▶ **EXTRACTED ENTRIES**
####

(* Let $\mathcal{A}$ be a finite-dimensional commutative $\mathbb{K}$-algebra and let $\Lambda:\mathcal{A}\to\mathbb{K}$ be a linear map such that the rank of the bilinear form $(a,b)\mapsto\Lambda(ab)$ on $\mathcal{A}$ is maximal among all linear maps $\mathcal{A}\to\mathbb{K}$. Then $\mathcal{R}(\Lambda)\subseteq\mathrm{Rad}(\mathcal{A})$.
   Context: $\mathbb{K}$ is an algebraically closed field. $\mathcal{R}(\Lambda):=\{a\in\mathcal{A}:\Lambda(ab)=0\ \forall b\in\mathcal{A}\}$. $\mathrm{Rad}(\mathcal{A})$ is the radical of $\mathcal{A}$ (the nilradical, which for a finite-dimensional commutative algebra equals the intersection of its maximal ideals). *)

theory Defs
  imports "HOL-Computational_Algebra.Polynomial" "HOL-Library.Function_Algebras"
begin

definition comm_K_algebra :: "('k::field \<Rightarrow> 'a::comm_ring_1 \<Rightarrow> 'a) \<Rightarrow> bool" where
  "comm_K_algebra scale \<longleftrightarrow> vector_space scale \<and>
     (\<forall>c a b. scale c (a * b) = scale c a * b)"

definition fin_dim :: "('k::field \<Rightarrow> 'a::ab_group_add \<Rightarrow> 'a) \<Rightarrow> bool" where
  "fin_dim scale \<longleftrightarrow> (\<exists>B. finite B \<and> module.span scale B = UNIV)"

text \<open>Rank of the bilinear form (a,b) \<mapsto> \<Lambda>(ab): dimension of the image of
  the induced map A \<rightarrow> A^*, a \<mapsto> (b \<mapsto> \<Lambda>(ab)), inside the K-space of functions A \<rightarrow> K.\<close>
definition bform_rank :: "('k::field \<Rightarrow> 'a::comm_ring_1 \<Rightarrow> 'a) \<Rightarrow> ('a \<Rightarrow> 'k) \<Rightarrow> nat" where
  "bform_rank scale \<Lambda> =
     vector_space.dim (\<lambda>(c::'k) (f::'a \<Rightarrow> 'k) x. c * f x) ((\<lambda>a b. \<Lambda> (a * b)) ` UNIV)"

definition RLam :: "('a::comm_ring_1 \<Rightarrow> 'k::field) \<Rightarrow> 'a set" where
  "RLam \<Lambda> = {a. \<forall>b. \<Lambda> (a * b) = 0}"

definition Rad :: "'a::comm_ring_1 set" where
  "Rad = {a. \<exists>n. a ^ n = 0}"

end

theory Submission
  imports Defs
begin

(* Let a be an element of R(Lambda) that is not nilpotent.  Since the algebra A
   is finite-dimensional, the descending chain of principal ideals a^n A stabilises (Fitting),
   and from a^n A = a^(n+1) A one extracts a nonzero idempotent e in the ideal aA.  Because
   a is in R(Lambda), the form of Lambda vanishes on e A.  Choose a functional mu with
   mu(e) = 1 and put M(x) = Lambda(x) + mu(e x).  Every functional b |-> Lambda(a b) is also
   of the form b |-> M(a' b) (take a' = (1 - e) a), while b |-> M(e b) takes the value 1 at e,
   where all functionals b |-> Lambda(a b) vanish.  Hence the rank of M exceeds that of Lambda,
   contradicting maximality. *)

text \<open>No finite-dimensionality of the ambient space is assumed, which
  matters because the forms live in the infinite-dimensional space of all functions A \<Rightarrow> K.\<close>

lemma (in vector_space) dim_less_if_not_in_span:
  assumes F: "finite F" "T \<subseteq> span F"
    and ST: "S \<subseteq> T" and g: "g \<in> T" "g \<notin> span S"
  shows "dim S < dim T"
proof -
  obtain A where A: "A \<subseteq> S" "independent A" "S \<subseteq> span A" "card A = dim S"
    using basis_exists[of S] by blast
  obtain C where C: "C \<subseteq> T" "independent C" "T \<subseteq> span C" "card C = dim T"
    using basis_exists[of T] by blast
  have "finite C"
    using independent_span_bound[OF F(1) C(2)] C(1) F(2) by blast
  have "g \<notin> span A"
    using g(2) span_mono[OF A(1)] by blast
  then have indep: "independent (insert g A)" and "g \<notin> A"
    using independent_insertI[OF _ A(2)] span_base by blast+
  have "insert g A \<subseteq> span C"
    using A(1) ST g(1) C(3) by blast
  from independent_span_bound[OF \<open>finite C\<close> indep this]
  have "finite A" and "card (insert g A) \<le> card C" by auto
  with \<open>g \<notin> A\<close> A(4) C(4) show ?thesis by simp
qed

lemma power_absorbs_higher_powers:
  fixes a x :: "'a::comm_ring_1"
  assumes "a ^ n = a ^ Suc n * x"
  shows "a ^ n = a ^ (n + k) * x ^ k"
proof (induction k)
  case 0
  show ?case by simp
next
  case (Suc k)
  have "a ^ (n + Suc k) * x ^ Suc k = a ^ k * x ^ k * (a ^ Suc n * x)"
    by (simp add: algebra_simps power_add)
  also have "\<dots> = a ^ k * x ^ k * a ^ n"
    by (simp only: assms[symmetric])
  also have "\<dots> = a ^ (n + k) * x ^ k"
    by (simp add: algebra_simps power_add)
  finally show ?case using Suc by simp
qed

lemma vector_space_field_self: "vector_space ((*) :: 'k::field \<Rightarrow> 'k \<Rightarrow> 'k)"
  by unfold_locales (simp_all add: algebra_simps)

global_interpretation fun_space: vector_space "\<lambda>(c::'k::field) (f::'a \<Rightarrow> 'k) x. c * f x"
  by unfold_locales (simp_all add: fun_eq_iff algebra_simps)

definition form_map :: "('a::times \<Rightarrow> 'k) \<Rightarrow> 'a \<Rightarrow> 'a \<Rightarrow> 'k" where
  "form_map M a = (\<lambda>b. M (a * b))"

lemma bform_rank_form_map: "bform_rank scale M = fun_space.dim (range (form_map M))"
  unfolding bform_rank_def form_map_def ..

locale fin_dim_comm_algebra = vector_space scale
  for scale :: "'k::field \<Rightarrow> 'a::comm_ring_1 \<Rightarrow> 'a" +
  assumes scale_mult_left: "scale c (a * b) = scale c a * b"
    and finitely_spanned: "fin_dim scale"

lemma fin_dim_comm_algebraI:
  assumes "comm_K_algebra scale" and "fin_dim scale"
  shows "fin_dim_comm_algebra scale"
  using assms unfolding comm_K_algebra_def fin_dim_comm_algebra_def fin_dim_comm_algebra_axioms_def
  by blast

context fin_dim_comm_algebra
begin

lemma scale_mult_right: "scale c (a * b) = a * scale c b"
  using scale_mult_left[of c b a] by (simp add: mult.commute)

lemma subspace_principal_ideal: "subspace (range (\<lambda>x. y * x))"
  unfolding subspace_def
proof (intro conjI ballI allI)
  show "0 \<in> range (\<lambda>x. y * x)"
    by (rule range_eqI[of _ _ 0]) simp
next
  fix u v assume "u \<in> range (\<lambda>x. y * x)" "v \<in> range (\<lambda>x. y * x)"
  then obtain u' v' where "u = y * u'" "v = y * v'" by blast
  then show "u + v \<in> range (\<lambda>x. y * x)"
    by (intro range_eqI[of _ _ "u' + v'"]) (simp add: distrib_left)
next
  fix c u assume "u \<in> range (\<lambda>x. y * x)"
  then obtain u' where "u = y * u'" by blast
  then show "scale c u \<in> range (\<lambda>x. y * x)"
    by (intro range_eqI[of _ _ "scale c u'"]) (simp add: scale_mult_right)
qed

lemma decreasing_subspaces_stabilize:
  assumes sub: "\<And>n. subspace (R n)" and dec: "\<And>n. R (Suc n) \<subseteq> R n"
  shows "\<exists>n. R (Suc n) = R n"
proof (rule ccontr)
  assume "\<nexists>n. R (Suc n) = R n"
  obtain B where B: "finite B" "span B = UNIV"
    using finitely_spanned unfolding fin_dim_def by blast
  have drop: "dim (R (Suc n)) < dim (R n)" for n
  proof -
    obtain g where "g \<in> R n" "g \<notin> R (Suc n)"
      using dec[of n] \<open>\<nexists>n. R (Suc n) = R n\<close> by blast
    moreover have "span (R (Suc n)) = R (Suc n)"
      using span_eq_iff[of "R (Suc n)"] sub by blast
    ultimately have "g \<notin> span (R (Suc n))"
      by metis
    then show ?thesis
      using dim_less_if_not_in_span[OF B(1) _ dec \<open>g \<in> R n\<close>] B(2) by blast
  qed
  have "dim (R n) + n \<le> dim (R 0)" for n
  proof (induction n)
    case 0
    show ?case by simp
  next
    case (Suc n)
    then show ?case using drop[of n] by simp
  qed
  from this[of "Suc (dim (R 0))"] show False by simp
qed

lemma power_multiple_of_next_power:
  fixes a :: 'a
  shows "\<exists>n x. a ^ n = a ^ Suc n * x"
proof -
  define R where "R n = range (\<lambda>x. a ^ n * x)" for n
  have "R (Suc n) \<subseteq> R n" for n
  proof
    fix y assume "y \<in> R (Suc n)"
    then obtain x where "y = a ^ Suc n * x"
      unfolding R_def by blast
    then have "y = a ^ n * (a * x)"
      by (simp add: mult_ac)
    then show "y \<in> R n"
      unfolding R_def by blast
  qed
  then obtain n where "R (Suc n) = R n"
    using decreasing_subspaces_stabilize[of R] subspace_principal_ideal unfolding R_def by blast
  moreover have "a ^ n \<in> R n"
    unfolding R_def by (rule range_eqI[of _ _ 1]) simp
  ultimately show ?thesis
    unfolding R_def by blast
qed

lemma idempotent_in_principal_ideal:
  fixes a :: 'a
  assumes "\<forall>n. a ^ n \<noteq> 0"
  shows "\<exists>u. (a * u) * (a * u) = a * u \<and> a * u \<noteq> 0"
proof -
  obtain n x where nx: "a ^ n = a ^ Suc n * x"
    using power_multiple_of_next_power by blast
  have absorb: "a ^ n = a ^ (2 * n + 1) * x ^ Suc n"
    using power_absorbs_higher_powers[OF nx, of "Suc n"] by (simp add: mult_2)
  define u where "u = a ^ n * x ^ Suc n"
  have "(a * u) * (a * u) = a * (a ^ (2 * n + 1) * x ^ Suc n) * x ^ Suc n"
    unfolding u_def by (simp add: algebra_simps power_add mult_2_right)
  also have "\<dots> = a * u"
    unfolding u_def absorb[symmetric] by (simp add: mult.assoc)
  finally have idem: "(a * u) * (a * u) = a * u" .
  have "a ^ n * (a * u) = a ^ (2 * n + 1) * x ^ Suc n"
    unfolding u_def by (simp add: algebra_simps power_add mult_2_right)
  also have "\<dots> = a ^ n"
    by (rule absorb[symmetric])
  finally have "a * u \<noteq> 0"
    using assms by auto
  with idem show ?thesis by blast
qed

lemma linear_form_map:
  assumes M: "Vector_Spaces.linear scale (*) M"
  shows "Vector_Spaces.linear scale (\<lambda>c f x. c * f x) (form_map M)"
  unfolding Vector_Spaces.linear_iff
proof (intro conjI allI)
  have add: "M (x + y) = M x + M y" and hom: "M (scale c x) = c * M x" for x y c
    using M unfolding Vector_Spaces.linear_iff by auto
  show "vector_space scale" by unfold_locales
  show "vector_space (\<lambda>(c::'k) (f::'a \<Rightarrow> 'k) x. c * f x)" by unfold_locales
  show "form_map M (x + y) = form_map M x + form_map M y" for x y
    unfolding form_map_def by (simp add: fun_eq_iff distrib_right add)
  show "form_map M (scale c x) = (\<lambda>b. c * form_map M x b)" for c x
    unfolding form_map_def by (simp add: scale_mult_left[symmetric] hom)
qed

lemma form_map_range_finitely_spanned:
  assumes "Vector_Spaces.linear scale (*) M"
  obtains F where "finite F" "range (form_map M) \<subseteq> fun_space.span F"
proof -
  obtain B where B: "finite B" "span B = UNIV"
    using finitely_spanned unfolding fin_dim_def by blast
  interpret form: Vector_Spaces.linear scale "\<lambda>c f x. c * f x" "form_map M"
    using linear_form_map[OF assms] unfolding Vector_Spaces.linear_def .
  have "range (form_map M) = fun_space.span (form_map M ` B)"
    by (metis B(2) form.span_image)
  with B(1) show thesis
    using that[of "form_map M ` B"] by blast
qed

lemma functional_one_at:
  assumes "e \<noteq> 0"
  obtains \<mu> where "Vector_Spaces.linear scale (*) \<mu>" "\<mu> e = 1"
proof -
  interpret pair: vector_space_pair scale "(*) :: 'k \<Rightarrow> 'k \<Rightarrow> 'k"
    by (simp add: vector_space_pair_def vector_space_axioms vector_space_field_self)
  obtain B where B: "{e} \<subseteq> B" "independent B"
    using maximal_independent_subset_extend[of "{e}" UNIV] assms by auto
  obtain \<mu> where \<mu>: "Vector_Spaces.linear scale (*) \<mu>"
      "\<forall>x\<in>B. \<mu> x = (if x = e then 1 else 0)"
    using pair.linear_independent_extend[OF B(2), of "\<lambda>x. if x = e then 1 else 0"] by blast
  have "\<mu> e = 1"
    using \<mu>(2) B(1) by simp
  with \<mu>(1) show thesis
    by (rule that)
qed

lemma linear_perturbation:
  assumes \<Lambda>: "Vector_Spaces.linear scale (*) \<Lambda>" and \<mu>: "Vector_Spaces.linear scale (*) \<mu>"
  shows "Vector_Spaces.linear scale (*) (\<lambda>x. \<Lambda> x + \<mu> (e * x))"
proof -
  have "\<Lambda> (x + y) = \<Lambda> x + \<Lambda> y" "\<Lambda> (scale c x) = c * \<Lambda> x"
    and "\<mu> (x + y) = \<mu> x + \<mu> y" "\<mu> (scale c x) = c * \<mu> x" for x y c
    using \<Lambda> \<mu> unfolding Vector_Spaces.linear_iff by auto
  then show ?thesis
    unfolding Vector_Spaces.linear_iff
    by (simp add: vector_space_axioms vector_space_field_self distrib_left scale_mult_right[symmetric])
qed

text \<open>Every functional b \<mapsto> \<Lambda>(ab) is also a
  functional of M, namely for (1 - e)a, and the functional b \<mapsto> M(eb) is new, because it
  takes the value 1 at e, where all functionals of \<Lambda> vanish.\<close>

lemma form_rank_increases:
  assumes \<Lambda>: "Vector_Spaces.linear scale (*) \<Lambda>"
    and idem: "e * e = e" and "e \<noteq> 0" and vanish: "\<And>x. \<Lambda> (e * x) = 0"
  obtains M where "Vector_Spaces.linear scale (*) M" "bform_rank scale \<Lambda> < bform_rank scale M"
proof -
  obtain \<mu> where \<mu>: "Vector_Spaces.linear scale (*) \<mu>" "\<mu> e = 1"
    using functional_one_at \<open>e \<noteq> 0\<close> by blast
  define M where "M x = \<Lambda> x + \<mu> (e * x)" for x
  have M: "Vector_Spaces.linear scale (*) M"
    unfolding M_def[abs_def] using linear_perturbation[OF \<Lambda> \<mu>(1)] .
  interpret \<Lambda>: Vector_Spaces.linear scale "(*)" \<Lambda>
    using \<Lambda> unfolding Vector_Spaces.linear_def .
  interpret \<mu>: Vector_Spaces.linear scale "(*)" \<mu>
    using \<mu>(1) unfolding Vector_Spaces.linear_def .
  have "form_map \<Lambda> a = form_map M ((1 - e) * a)" for a
  proof -
    have "e * ((1 - e) * a * b) = 0" for b
      using idem by (simp add: algebra_simps)
    moreover have "\<Lambda> ((1 - e) * a * b) = \<Lambda> (a * b)" for b
    proof -
      have "(1 - e) * a * b = a * b - e * (a * b)"
        by (simp add: algebra_simps)
      then show ?thesis
        using vanish[of "a * b"] by (simp add: \<Lambda>.diff)
    qed
    ultimately show ?thesis
      unfolding form_map_def M_def using \<mu>.zero by (simp add: mult.assoc)
  qed
  then have sub: "range (form_map \<Lambda>) \<subseteq> range (form_map M)"
    by blast
  have "fun_space.span (range (form_map \<Lambda>)) \<subseteq> {h. h e = 0}"
    by (rule fun_space.span_minimal)
      (auto simp: fun_space.subspace_def form_map_def vanish mult.commute[of _ e])
  moreover have "form_map M e e = 1"
    unfolding form_map_def M_def using idem vanish[of 1] \<mu>(2) by simp
  ultimately have new: "form_map M e \<notin> fun_space.span (range (form_map \<Lambda>))"
    by auto
  obtain F where "finite F" "range (form_map M) \<subseteq> fun_space.span F"
    using form_map_range_finitely_spanned[OF M] by blast
  from fun_space.dim_less_if_not_in_span[OF this sub _ new]
  have "bform_rank scale \<Lambda> < bform_rank scale M"
    unfolding bform_rank_form_map by blast
  with M show thesis
    by (rule that)
qed

end

text \<open>The theorem.\<close>

theorem theorem3p5:
  fixes scale :: "'k::alg_closed_field \<Rightarrow> 'a::comm_ring_1 \<Rightarrow> 'a"
    and \<Lambda> :: "'a \<Rightarrow> 'k"
  assumes "comm_K_algebra scale"
    and "fin_dim scale"
    and "Vector_Spaces.linear scale (*) \<Lambda>"
    and "\<forall>M. Vector_Spaces.linear scale (*) M \<longrightarrow> bform_rank scale M \<le> bform_rank scale \<Lambda>"
  shows "RLam \<Lambda> \<subseteq> Rad"
proof
  fix a assume a: "a \<in> RLam \<Lambda>"
  show "a \<in> Rad"
  proof (rule ccontr)
    assume "a \<notin> Rad"
    interpret fin_dim_comm_algebra scale
      using fin_dim_comm_algebraI[OF assms(1,2)] .
    obtain u where e: "(a * u) * (a * u) = a * u" "a * u \<noteq> 0"
      using idempotent_in_principal_ideal[of a] \<open>a \<notin> Rad\<close> unfolding Rad_def by blast
    have "\<Lambda> (a * u * x) = 0" for x
      using a unfolding RLam_def by (simp add: mult.assoc)
    then obtain M where "Vector_Spaces.linear scale (*) M" "bform_rank scale \<Lambda> < bform_rank scale M"
      using form_rank_increases[OF assms(3) e] by blast
    with assms(4) show False
      by (meson leD)
  qed
qed

end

####

▶ **WHAT YOU HAVE TO DO**
Copy, from the material, each line that holds the string "value".

▶ **OUTPUT**
   of the form b |-> M(a' b) (take a' = (1 - e) a), while b |-> M(e b) takes the value 1 at e,
  takes the value 1 at e, where all functionals of \<Lambda> vanish.\<close>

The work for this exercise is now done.